- [EXERCISE DESCRIPTION]: Only lines with the word "that" belong in the answer; copy them from the records below.

- [DATA EXTRACTS]:
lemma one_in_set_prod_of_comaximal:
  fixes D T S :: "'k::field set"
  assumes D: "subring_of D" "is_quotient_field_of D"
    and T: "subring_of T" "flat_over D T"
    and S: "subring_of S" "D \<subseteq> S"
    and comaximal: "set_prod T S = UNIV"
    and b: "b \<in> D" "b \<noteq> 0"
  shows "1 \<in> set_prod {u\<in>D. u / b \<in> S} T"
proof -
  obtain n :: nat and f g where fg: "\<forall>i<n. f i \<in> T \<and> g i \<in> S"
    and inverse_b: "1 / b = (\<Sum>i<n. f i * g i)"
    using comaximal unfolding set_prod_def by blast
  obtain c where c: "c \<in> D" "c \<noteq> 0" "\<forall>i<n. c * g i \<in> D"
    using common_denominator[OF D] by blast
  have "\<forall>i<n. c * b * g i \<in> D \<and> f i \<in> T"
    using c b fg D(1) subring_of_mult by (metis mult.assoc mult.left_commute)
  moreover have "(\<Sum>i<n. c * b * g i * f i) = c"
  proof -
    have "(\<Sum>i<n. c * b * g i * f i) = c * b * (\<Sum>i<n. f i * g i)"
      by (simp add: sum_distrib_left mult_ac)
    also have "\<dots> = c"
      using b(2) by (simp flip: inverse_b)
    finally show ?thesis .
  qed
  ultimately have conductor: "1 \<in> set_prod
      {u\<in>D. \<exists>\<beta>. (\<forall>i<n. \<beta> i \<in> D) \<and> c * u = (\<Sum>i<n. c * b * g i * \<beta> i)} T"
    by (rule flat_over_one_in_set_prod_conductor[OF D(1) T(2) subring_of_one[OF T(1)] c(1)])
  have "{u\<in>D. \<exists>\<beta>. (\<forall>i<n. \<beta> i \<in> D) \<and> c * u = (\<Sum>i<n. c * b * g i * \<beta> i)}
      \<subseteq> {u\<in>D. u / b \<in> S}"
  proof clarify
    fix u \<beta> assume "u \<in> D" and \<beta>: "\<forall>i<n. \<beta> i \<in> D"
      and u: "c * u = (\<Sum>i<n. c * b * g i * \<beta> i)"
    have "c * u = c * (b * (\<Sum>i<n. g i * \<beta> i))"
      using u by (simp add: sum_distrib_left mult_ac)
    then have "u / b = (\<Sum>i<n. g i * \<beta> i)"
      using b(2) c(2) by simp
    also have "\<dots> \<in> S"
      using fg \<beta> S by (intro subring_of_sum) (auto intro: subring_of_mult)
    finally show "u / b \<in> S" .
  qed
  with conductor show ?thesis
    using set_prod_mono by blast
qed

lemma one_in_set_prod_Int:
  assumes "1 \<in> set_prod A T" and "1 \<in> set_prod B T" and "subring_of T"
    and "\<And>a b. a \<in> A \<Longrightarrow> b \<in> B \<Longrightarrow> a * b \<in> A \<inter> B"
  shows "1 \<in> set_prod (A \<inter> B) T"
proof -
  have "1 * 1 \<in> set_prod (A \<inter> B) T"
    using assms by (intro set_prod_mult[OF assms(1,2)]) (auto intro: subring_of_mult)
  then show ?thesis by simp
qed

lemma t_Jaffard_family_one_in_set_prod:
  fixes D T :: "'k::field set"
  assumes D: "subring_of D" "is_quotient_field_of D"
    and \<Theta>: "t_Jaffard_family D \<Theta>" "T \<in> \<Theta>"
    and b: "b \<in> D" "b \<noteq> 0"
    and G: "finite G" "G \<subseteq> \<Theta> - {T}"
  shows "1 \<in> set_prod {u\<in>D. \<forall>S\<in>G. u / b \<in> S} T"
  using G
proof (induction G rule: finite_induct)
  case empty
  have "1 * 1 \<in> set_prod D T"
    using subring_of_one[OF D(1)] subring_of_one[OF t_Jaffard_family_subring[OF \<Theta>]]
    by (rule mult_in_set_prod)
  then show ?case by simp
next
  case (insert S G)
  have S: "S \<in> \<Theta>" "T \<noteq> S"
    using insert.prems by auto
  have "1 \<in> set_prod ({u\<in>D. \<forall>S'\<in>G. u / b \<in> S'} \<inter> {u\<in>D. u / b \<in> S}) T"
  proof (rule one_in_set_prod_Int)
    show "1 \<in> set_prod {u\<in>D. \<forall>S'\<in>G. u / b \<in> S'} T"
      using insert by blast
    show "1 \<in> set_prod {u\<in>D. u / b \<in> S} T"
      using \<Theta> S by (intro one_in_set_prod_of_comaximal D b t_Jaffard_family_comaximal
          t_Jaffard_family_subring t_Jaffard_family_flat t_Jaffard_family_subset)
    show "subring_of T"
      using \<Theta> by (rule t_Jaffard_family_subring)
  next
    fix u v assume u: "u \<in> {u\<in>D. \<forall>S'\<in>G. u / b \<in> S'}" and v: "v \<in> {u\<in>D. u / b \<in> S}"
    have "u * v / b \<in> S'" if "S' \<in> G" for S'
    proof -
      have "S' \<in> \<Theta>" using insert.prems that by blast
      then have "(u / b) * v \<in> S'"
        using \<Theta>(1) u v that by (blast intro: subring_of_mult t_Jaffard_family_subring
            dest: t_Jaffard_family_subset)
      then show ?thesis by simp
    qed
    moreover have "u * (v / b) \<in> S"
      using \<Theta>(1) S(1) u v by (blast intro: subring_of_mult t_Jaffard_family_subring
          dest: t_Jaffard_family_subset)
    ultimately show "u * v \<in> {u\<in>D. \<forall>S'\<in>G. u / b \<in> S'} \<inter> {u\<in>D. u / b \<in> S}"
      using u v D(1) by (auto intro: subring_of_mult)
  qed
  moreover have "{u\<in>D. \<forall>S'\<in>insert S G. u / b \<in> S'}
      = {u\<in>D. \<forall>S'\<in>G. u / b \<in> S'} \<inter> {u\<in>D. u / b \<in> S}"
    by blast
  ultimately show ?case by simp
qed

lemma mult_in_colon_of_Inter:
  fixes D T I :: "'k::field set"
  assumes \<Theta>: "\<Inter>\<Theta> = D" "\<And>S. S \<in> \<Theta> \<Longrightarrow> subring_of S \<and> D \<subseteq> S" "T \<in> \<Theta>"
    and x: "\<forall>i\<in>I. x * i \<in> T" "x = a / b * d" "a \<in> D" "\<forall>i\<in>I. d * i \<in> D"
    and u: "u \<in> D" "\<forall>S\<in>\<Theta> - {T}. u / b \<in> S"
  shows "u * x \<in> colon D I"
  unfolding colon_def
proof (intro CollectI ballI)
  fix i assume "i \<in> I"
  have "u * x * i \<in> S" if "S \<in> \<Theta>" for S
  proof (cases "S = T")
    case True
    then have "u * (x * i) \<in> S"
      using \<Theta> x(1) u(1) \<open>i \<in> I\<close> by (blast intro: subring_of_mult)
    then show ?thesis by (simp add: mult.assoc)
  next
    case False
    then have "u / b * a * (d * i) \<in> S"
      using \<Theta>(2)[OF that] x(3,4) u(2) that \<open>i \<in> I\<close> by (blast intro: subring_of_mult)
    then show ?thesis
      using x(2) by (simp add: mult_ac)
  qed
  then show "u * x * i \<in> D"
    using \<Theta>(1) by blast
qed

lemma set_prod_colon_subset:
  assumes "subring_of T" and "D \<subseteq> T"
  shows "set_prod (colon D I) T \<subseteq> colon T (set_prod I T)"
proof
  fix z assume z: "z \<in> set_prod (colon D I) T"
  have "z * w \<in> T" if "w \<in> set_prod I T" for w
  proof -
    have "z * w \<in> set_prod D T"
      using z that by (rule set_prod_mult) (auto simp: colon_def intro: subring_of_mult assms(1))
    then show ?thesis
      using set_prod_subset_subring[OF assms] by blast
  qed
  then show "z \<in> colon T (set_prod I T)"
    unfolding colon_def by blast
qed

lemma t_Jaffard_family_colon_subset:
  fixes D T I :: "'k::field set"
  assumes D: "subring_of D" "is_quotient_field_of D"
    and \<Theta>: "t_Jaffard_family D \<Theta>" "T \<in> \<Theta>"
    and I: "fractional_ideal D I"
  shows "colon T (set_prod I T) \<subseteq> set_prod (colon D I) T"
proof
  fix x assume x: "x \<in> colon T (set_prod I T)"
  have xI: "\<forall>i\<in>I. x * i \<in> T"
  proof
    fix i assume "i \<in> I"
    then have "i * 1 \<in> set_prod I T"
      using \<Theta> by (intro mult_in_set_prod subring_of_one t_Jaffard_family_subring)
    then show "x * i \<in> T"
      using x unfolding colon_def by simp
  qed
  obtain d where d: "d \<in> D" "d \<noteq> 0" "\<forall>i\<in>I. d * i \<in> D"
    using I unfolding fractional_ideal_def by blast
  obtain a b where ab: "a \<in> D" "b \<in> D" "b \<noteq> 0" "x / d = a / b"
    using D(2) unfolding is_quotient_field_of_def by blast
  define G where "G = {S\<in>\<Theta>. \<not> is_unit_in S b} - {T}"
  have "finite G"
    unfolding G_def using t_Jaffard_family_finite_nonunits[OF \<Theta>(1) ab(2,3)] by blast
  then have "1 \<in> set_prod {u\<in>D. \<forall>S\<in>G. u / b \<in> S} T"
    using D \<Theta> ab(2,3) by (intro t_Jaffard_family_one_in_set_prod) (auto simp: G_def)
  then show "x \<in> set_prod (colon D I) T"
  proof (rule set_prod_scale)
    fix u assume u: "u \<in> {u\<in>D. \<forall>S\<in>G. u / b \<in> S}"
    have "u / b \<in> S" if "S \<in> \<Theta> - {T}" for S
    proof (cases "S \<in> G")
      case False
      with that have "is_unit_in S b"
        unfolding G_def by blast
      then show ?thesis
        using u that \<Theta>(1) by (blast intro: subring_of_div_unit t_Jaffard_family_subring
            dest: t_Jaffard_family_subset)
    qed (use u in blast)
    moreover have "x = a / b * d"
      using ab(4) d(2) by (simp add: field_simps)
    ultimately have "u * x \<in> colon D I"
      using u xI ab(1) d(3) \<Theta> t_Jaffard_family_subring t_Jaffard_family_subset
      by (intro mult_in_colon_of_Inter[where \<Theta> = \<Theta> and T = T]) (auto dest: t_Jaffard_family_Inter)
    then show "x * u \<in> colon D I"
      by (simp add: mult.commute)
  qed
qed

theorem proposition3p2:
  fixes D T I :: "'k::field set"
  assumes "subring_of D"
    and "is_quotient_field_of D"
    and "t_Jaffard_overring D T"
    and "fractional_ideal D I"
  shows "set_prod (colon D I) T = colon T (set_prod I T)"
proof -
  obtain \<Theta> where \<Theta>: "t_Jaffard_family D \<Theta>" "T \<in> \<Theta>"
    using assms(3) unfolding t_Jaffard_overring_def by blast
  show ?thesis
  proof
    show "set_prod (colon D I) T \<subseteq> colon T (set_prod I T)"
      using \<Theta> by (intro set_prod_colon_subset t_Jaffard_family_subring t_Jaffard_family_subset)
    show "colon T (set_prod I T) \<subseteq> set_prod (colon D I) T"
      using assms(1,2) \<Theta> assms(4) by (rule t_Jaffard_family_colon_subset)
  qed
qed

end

- [WRITTEN RESPONSE]:
      have "S' \<in> \<Theta>" using insert.prems that by blast
        using \<Theta>(1) u v that by (blast intro: subring_of_mult t_Jaffard_family_subring
      using \<Theta>(2)[OF that] x(3,4) u(2) that \<open>i \<in> I\<close> by (blast intro: subring_of_mult)
      using z that by (rule set_prod_mult) (auto simp: colon_def intro: subring_of_mult assms(1))
      with that have "is_unit_in S b"
        using u that \<Theta>(1) by (blast intro: subring_of_div_unit t_Jaffard_family_subring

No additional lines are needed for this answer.